**Aim of the task**
After reading the data below, copy out every line that contains the word "using".

**Supplied material**
# # # # #

lemma Hc_smul [simp]: "x \<in> Hc \<Longrightarrow> smul c x \<in> Hc"
  using supp_smul[of c x] unfolding Hc_def by (auto intro: finite_subset)

lemma Hc_zerov [simp]: "zerov \<in> Hc"
  by (simp add: Hc_def)

lemma Hc_ev [simp]: "valid_idx b \<Longrightarrow> ev b \<in> Hc"
  by (simp add: Hc_def)

lemma Hc_basis_elements [simp]: "av i \<in> Hc" "sv j \<in> Hc" "pv r k \<in> Hc" "zv r k \<in> Hc"
  by (simp_all add: av_def sv_def pv_def zv_def)

lemma Hc_bm [simp]: "bm b b' \<in> Hc"
  by (cases b; cases b') (simp_all add: bm_as_def bm_ap_def bm_sp_def bm_pp_def)

lemma lincomb_closed:
  assumes "zerov \<in> V" "\<And>x y. x \<in> V \<Longrightarrow> y \<in> V \<Longrightarrow> vadd x y \<in> V" "\<And>c x. x \<in> V \<Longrightarrow> smul c x \<in> V"
    and "finite F" "\<And>i. i \<in> F \<Longrightarrow> f i \<in> V"
  shows "(\<lambda>c. \<Sum>i\<in>F. a i * f i c) \<in> V"
  using assms(4,5)
proof (induction F rule: finite_induct)
  case empty
  then show ?case using assms(1) by (simp add: zerov_def)
next
  case (insert i F)
  then have "(\<lambda>c. \<Sum>i\<in>insert i F. a i * f i c) = vadd (smul (a i) (f i)) (\<lambda>c. \<Sum>i\<in>F. a i * f i c)"
    by (simp add: vadd_def smul_def fun_eq_iff)
  with insert assms(2,3) show ?case by simp
qed

lemma hmult_ev_left: "hmult (ev b) x = (\<lambda>c. \<Sum>b'\<in>supp x. x b' * bm b b' c)"
  unfolding hmult_def supp_ev by (simp add: ev_def)

lemma hmult_eq_lincomb: "hmult y x = (\<lambda>c. \<Sum>b\<in>supp y. y b * hmult (ev b) x c)"
  unfolding hmult_ev_left by (simp add: hmult_def sum_distrib_left mult.assoc)

lemma is_idealI:
  fixes I :: "(bidx \<Rightarrow> 'a::field) set"
  assumes "I \<subseteq> Hc" "zerov \<in> I" "\<And>x y. x \<in> I \<Longrightarrow> y \<in> I \<Longrightarrow> vadd x y \<in> I"
    "\<And>c x. x \<in> I \<Longrightarrow> smul c x \<in> I" "\<And>b x. x \<in> I \<Longrightarrow> valid_idx b \<Longrightarrow> hmult (ev b) x \<in> I"
  shows "is_ideal I"
  unfolding is_ideal_def
proof (intro conjI ballI allI assms)
  fix x y :: "bidx \<Rightarrow> 'a" assume x: "x \<in> I" and y: "y \<in> Hc"
  then have "b \<in> supp y \<Longrightarrow> valid_idx b" for b
    by (auto simp: Hc_def)
  with x y show "hmult y x \<in> I"
    unfolding hmult_eq_lincomb[of y]
    by (intro lincomb_closed assms) (auto simp: finite_supp_Hc)
qed

lemma is_ideal_Hc: "is_ideal Hc"
  by (rule is_idealI) (auto simp: hmult_ev_left finite_supp_Hc intro!: lincomb_closed)

lemma ideal_vsub: "is_ideal I \<Longrightarrow> x \<in> I \<Longrightarrow> y \<in> I \<Longrightarrow> vsub x y \<in> I"
proof -
  have "vsub x y = vadd x (smul (-1) y)"
    by (simp add: vsub_def vadd_def smul_def fun_eq_iff)
  then show "is_ideal I \<Longrightarrow> x \<in> I \<Longrightarrow> y \<in> I \<Longrightarrow> vsub x y \<in> I"
    by (simp add: is_ideal_def)
qed

lemma is_ideal_Inter:
  assumes "F \<noteq> {}" "\<And>I. I \<in> F \<Longrightarrow> is_ideal I"
  shows "is_ideal (\<Inter>F)"
  unfolding is_ideal_def
proof (intro conjI ballI allI)
  show "\<Inter>F \<subseteq> Hc" "zerov \<in> \<Inter>F"
    using assms by (fastforce simp: is_ideal_def)+
  show "vadd x y \<in> \<Inter>F" "smul c x \<in> \<Inter>F" if "x \<in> \<Inter>F" "y \<in> \<Inter>F" for x y c
    using assms that by (auto simp: is_ideal_def)
  show "hmult y x \<in> \<Inter>F" if "x \<in> \<Inter>F" "y \<in> Hc" for x y
    using assms that by (auto simp: is_ideal_def)
qed

lemma ideal_gen_least: "is_ideal I \<Longrightarrow> G \<subseteq> I \<Longrightarrow> ideal_gen G \<subseteq> I"
  unfolding ideal_gen_def by blast

lemma ideal_gen_base: "G \<subseteq> ideal_gen G"
  unfolding ideal_gen_def by blast

lemma is_ideal_ideal_gen: "G \<subseteq> Hc \<Longrightarrow> is_ideal (ideal_gen G)"
  unfolding ideal_gen_def using is_ideal_Hc by (intro is_ideal_Inter) auto

lemma ideal_gen_smul:
  assumes c: "c \<noteq> 0" and t: "t \<in> Hc"
  shows "ideal_gen {smul c t} = ideal_gen {t :: bidx \<Rightarrow> 'a::field}"
proof -
  have I: "is_ideal (ideal_gen {t})" "is_ideal (ideal_gen {smul c t})"
    using t by (simp_all add: is_ideal_ideal_gen)
  have "smul (1/c) (smul c t) = t"
    using c by (simp add: smul_def fun_eq_iff)
  then have "smul c t \<in> ideal_gen {t}" "t \<in> ideal_gen {smul c t}"
    using I ideal_gen_base[of "{t}"] ideal_gen_base[of "{smul c t}"]
    by (auto simp: is_ideal_def) (metis insert_subset)
  with I show ?thesis
    by (intro equalityI ideal_gen_least) simp_all
qed

lemma ideal_gen_zerov: "ideal_gen {zerov} = {zerov :: bidx \<Rightarrow> 'a::field}"
proof -
  have "is_ideal {zerov :: bidx \<Rightarrow> 'a}"
    by (rule is_idealI) (simp_all add: hmult_ev_left zerov_def vadd_def smul_def supp_def Hc_def)
  then show ?thesis
    using ideal_gen_base[of "{zerov}"] by (auto dest: ideal_gen_least[of _ "{zerov}"])
qed

section \<open>The span of the \<open>p\<close>'s\<close>

definition P_span :: "(bidx \<Rightarrow> 'a::field) set" where
  "P_span = {x \<in> Hc. supp x \<subseteq> range P1 \<union> range P2}"

lemma P_span_Hc: "x \<in> P_span \<Longrightarrow> x \<in> Hc"
  by (simp add: P_span_def)

lemma P_span_closed [simp]:
  "x \<in> P_span \<Longrightarrow> y \<in> P_span \<Longrightarrow> vadd x y \<in> P_span"
  "x \<in> P_span \<Longrightarrow> y \<in> P_span \<Longrightarrow> vsub x y \<in> P_span"
  "x \<in> P_span \<Longrightarrow> smul c x \<in> P_span"
  "zerov \<in> P_span"
  using supp_vadd[of x y] supp_vsub[of x y] supp_smul[of c x] by (auto simp: P_span_def)

lemma P_span_ev [simp]: "k > 0 \<Longrightarrow> 3 dvd k \<Longrightarrow> ev (P1 k) \<in> P_span \<and> ev (P2 k) \<in> P_span"
  by (simp add: P_span_def)

lemma P_span_pv_zv [simp]: "pv r k \<in> P_span" "zv r k \<in> P_span"
  by (simp_all add: pv_def zv_def)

# # # # #

**Problem solution**
  using supp_smul[of c x] unfolding Hc_def by (auto intro: finite_subset)
  using assms(4,5)
  then show ?case using assms(1) by (simp add: zerov_def)
    using assms by (fastforce simp: is_ideal_def)+
    using assms that by (auto simp: is_ideal_def)
    using assms that by (auto simp: is_ideal_def)
  unfolding ideal_gen_def using is_ideal_Hc by (intro is_ideal_Inter) auto
    using t by (simp_all add: is_ideal_ideal_gen)
    using c by (simp add: smul_def fun_eq_iff)
    using I ideal_gen_base[of "{t}"] ideal_gen_base[of "{smul c t}"]
    using ideal_gen_base[of "{zerov}"] by (auto dest: ideal_gen_least[of _ "{zerov}"])
  using supp_vadd[of x y] supp_vsub[of x y] supp_smul[of c x] by (auto simp: P_span_def)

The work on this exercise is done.